Where a line in the data below includes the word "exists", count it. State the total and nothing more.

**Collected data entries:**
"""

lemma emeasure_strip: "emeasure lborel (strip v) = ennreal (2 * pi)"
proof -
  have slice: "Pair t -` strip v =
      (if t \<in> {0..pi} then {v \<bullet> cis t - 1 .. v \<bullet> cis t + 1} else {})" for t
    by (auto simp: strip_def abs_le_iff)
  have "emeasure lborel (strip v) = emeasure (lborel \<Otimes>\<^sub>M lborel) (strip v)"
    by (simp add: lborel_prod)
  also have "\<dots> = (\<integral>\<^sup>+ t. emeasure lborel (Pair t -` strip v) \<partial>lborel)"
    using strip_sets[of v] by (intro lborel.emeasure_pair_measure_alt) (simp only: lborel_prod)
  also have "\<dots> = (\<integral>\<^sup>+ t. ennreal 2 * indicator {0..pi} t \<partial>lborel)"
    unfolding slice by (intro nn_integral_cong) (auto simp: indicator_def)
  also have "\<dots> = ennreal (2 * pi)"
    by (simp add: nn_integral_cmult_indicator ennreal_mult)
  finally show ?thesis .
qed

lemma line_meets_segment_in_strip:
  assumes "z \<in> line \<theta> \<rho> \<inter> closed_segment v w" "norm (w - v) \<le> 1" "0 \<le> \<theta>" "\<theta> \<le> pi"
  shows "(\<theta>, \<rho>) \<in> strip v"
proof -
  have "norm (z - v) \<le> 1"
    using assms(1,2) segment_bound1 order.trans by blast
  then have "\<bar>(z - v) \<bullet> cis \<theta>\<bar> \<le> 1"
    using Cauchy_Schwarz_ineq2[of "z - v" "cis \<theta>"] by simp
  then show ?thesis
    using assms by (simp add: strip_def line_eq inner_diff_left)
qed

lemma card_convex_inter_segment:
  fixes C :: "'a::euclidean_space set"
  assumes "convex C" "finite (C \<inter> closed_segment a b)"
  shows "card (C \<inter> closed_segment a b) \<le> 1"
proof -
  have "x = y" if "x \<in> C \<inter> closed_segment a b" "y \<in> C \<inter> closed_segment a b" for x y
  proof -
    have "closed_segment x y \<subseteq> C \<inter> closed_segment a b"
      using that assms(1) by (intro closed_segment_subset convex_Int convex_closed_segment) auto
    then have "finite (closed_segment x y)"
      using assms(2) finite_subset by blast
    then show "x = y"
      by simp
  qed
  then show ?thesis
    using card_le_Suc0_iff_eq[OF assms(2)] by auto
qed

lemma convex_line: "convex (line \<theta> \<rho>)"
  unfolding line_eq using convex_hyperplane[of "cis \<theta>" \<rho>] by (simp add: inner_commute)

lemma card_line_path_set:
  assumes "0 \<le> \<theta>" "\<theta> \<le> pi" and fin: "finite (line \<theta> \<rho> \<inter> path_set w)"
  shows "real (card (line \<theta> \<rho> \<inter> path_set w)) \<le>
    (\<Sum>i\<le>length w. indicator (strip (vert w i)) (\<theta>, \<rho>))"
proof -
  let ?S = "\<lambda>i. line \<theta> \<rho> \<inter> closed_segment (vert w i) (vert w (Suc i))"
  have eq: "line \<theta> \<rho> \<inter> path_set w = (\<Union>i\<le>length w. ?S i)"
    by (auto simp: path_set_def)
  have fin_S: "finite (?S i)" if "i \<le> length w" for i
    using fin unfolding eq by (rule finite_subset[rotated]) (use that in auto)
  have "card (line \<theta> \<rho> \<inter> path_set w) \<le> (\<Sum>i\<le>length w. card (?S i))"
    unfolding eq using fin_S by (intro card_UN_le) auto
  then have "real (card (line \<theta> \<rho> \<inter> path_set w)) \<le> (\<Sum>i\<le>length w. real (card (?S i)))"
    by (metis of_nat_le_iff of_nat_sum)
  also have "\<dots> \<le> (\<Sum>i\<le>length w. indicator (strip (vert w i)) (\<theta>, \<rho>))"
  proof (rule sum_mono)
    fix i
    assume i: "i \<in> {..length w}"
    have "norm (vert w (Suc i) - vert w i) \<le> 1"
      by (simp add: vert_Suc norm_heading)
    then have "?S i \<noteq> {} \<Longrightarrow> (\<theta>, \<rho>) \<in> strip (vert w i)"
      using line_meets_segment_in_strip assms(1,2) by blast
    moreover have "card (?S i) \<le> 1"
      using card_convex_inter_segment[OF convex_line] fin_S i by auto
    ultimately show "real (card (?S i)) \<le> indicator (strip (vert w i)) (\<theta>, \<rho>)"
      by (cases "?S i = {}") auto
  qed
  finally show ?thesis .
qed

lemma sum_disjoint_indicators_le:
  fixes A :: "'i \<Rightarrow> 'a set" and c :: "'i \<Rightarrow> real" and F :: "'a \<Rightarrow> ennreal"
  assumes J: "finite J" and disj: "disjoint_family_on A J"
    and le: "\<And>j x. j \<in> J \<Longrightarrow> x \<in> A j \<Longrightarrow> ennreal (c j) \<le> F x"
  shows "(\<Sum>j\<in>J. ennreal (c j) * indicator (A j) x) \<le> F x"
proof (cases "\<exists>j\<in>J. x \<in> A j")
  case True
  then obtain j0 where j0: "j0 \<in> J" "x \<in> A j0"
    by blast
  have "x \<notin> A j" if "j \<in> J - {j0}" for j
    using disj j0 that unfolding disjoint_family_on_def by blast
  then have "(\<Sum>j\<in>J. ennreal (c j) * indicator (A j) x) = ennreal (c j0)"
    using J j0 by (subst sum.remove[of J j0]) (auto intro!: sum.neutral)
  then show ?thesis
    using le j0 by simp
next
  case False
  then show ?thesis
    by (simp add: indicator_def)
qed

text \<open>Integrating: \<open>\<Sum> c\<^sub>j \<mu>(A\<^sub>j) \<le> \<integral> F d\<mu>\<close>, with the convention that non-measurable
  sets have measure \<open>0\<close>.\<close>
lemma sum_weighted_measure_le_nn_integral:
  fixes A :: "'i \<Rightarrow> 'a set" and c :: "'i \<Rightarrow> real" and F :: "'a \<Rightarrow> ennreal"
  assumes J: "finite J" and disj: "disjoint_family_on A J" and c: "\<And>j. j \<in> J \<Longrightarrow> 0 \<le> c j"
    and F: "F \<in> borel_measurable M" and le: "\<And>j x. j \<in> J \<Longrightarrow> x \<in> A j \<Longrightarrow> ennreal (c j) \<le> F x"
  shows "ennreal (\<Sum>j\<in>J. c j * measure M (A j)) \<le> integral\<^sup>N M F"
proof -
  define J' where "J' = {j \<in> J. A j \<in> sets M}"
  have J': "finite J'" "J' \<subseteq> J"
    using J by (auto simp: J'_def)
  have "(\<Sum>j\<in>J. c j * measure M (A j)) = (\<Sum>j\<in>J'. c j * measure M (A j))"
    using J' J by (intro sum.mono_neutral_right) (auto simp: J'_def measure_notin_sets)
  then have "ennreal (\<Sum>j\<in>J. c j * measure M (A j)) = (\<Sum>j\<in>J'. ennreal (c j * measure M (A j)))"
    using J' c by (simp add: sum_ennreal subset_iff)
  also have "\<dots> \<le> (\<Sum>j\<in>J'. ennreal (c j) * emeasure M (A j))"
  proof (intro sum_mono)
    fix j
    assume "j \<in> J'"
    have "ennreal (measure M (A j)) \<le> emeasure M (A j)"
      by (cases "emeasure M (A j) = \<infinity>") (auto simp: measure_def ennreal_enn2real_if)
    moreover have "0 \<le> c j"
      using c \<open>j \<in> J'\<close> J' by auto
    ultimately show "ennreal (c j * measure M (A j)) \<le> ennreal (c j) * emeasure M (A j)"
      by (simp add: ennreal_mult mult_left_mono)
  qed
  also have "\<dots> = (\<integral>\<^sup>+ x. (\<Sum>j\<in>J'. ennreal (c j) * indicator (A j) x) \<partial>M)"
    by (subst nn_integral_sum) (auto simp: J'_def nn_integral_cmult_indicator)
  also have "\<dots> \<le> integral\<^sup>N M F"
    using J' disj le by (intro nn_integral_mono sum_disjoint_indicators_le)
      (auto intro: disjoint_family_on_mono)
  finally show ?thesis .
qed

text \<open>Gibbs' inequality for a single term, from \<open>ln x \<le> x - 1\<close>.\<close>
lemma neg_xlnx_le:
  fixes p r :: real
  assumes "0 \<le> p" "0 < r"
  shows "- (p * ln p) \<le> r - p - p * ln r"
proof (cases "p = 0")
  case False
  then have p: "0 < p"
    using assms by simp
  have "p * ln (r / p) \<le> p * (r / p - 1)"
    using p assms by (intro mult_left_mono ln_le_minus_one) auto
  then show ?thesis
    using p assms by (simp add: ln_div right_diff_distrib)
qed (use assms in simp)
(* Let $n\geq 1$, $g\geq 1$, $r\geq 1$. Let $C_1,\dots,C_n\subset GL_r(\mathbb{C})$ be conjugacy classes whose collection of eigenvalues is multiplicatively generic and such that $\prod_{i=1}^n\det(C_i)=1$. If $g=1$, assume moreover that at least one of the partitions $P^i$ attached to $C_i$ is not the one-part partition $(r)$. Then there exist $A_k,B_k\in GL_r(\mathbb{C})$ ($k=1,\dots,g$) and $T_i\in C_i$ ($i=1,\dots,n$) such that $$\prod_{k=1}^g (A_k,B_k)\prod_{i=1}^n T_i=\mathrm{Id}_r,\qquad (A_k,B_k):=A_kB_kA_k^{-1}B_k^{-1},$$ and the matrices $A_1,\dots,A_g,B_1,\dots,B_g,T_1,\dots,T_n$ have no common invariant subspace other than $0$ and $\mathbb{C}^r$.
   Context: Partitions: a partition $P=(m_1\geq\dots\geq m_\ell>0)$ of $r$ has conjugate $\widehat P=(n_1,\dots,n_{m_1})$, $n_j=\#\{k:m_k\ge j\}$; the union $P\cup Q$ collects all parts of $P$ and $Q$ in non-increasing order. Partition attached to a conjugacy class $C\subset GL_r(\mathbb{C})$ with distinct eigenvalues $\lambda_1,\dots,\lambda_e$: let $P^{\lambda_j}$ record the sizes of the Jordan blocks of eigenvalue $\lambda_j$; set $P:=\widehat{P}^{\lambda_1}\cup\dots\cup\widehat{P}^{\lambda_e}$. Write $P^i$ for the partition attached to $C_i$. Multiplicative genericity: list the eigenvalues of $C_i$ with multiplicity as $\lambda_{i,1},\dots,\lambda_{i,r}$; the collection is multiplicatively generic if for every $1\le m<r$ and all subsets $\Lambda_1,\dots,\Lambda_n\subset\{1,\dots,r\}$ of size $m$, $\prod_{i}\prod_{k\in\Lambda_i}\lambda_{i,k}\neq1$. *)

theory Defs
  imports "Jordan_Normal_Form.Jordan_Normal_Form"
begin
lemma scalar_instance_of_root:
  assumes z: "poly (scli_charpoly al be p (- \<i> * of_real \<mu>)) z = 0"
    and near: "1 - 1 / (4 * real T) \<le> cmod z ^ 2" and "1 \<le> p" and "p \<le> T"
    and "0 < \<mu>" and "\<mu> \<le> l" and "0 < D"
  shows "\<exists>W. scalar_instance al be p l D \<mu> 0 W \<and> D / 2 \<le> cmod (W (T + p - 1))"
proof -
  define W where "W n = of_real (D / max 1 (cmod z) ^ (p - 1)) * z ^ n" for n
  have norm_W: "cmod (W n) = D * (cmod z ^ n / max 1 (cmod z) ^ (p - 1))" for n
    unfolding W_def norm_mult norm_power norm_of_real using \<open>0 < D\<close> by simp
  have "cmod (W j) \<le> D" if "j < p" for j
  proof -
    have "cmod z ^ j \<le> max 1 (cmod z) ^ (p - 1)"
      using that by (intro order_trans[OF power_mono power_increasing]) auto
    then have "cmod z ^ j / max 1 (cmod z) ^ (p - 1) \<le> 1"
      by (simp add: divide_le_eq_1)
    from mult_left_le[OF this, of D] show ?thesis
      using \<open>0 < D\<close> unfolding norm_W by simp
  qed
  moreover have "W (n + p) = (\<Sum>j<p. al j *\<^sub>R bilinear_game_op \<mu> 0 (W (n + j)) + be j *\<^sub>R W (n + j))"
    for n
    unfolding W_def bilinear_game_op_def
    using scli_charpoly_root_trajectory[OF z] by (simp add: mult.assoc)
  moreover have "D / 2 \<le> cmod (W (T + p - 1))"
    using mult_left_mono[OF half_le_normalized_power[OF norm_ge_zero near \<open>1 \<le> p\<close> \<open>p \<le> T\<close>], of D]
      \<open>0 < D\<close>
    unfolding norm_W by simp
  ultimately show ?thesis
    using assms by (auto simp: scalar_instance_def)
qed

"""

**Response area:** 2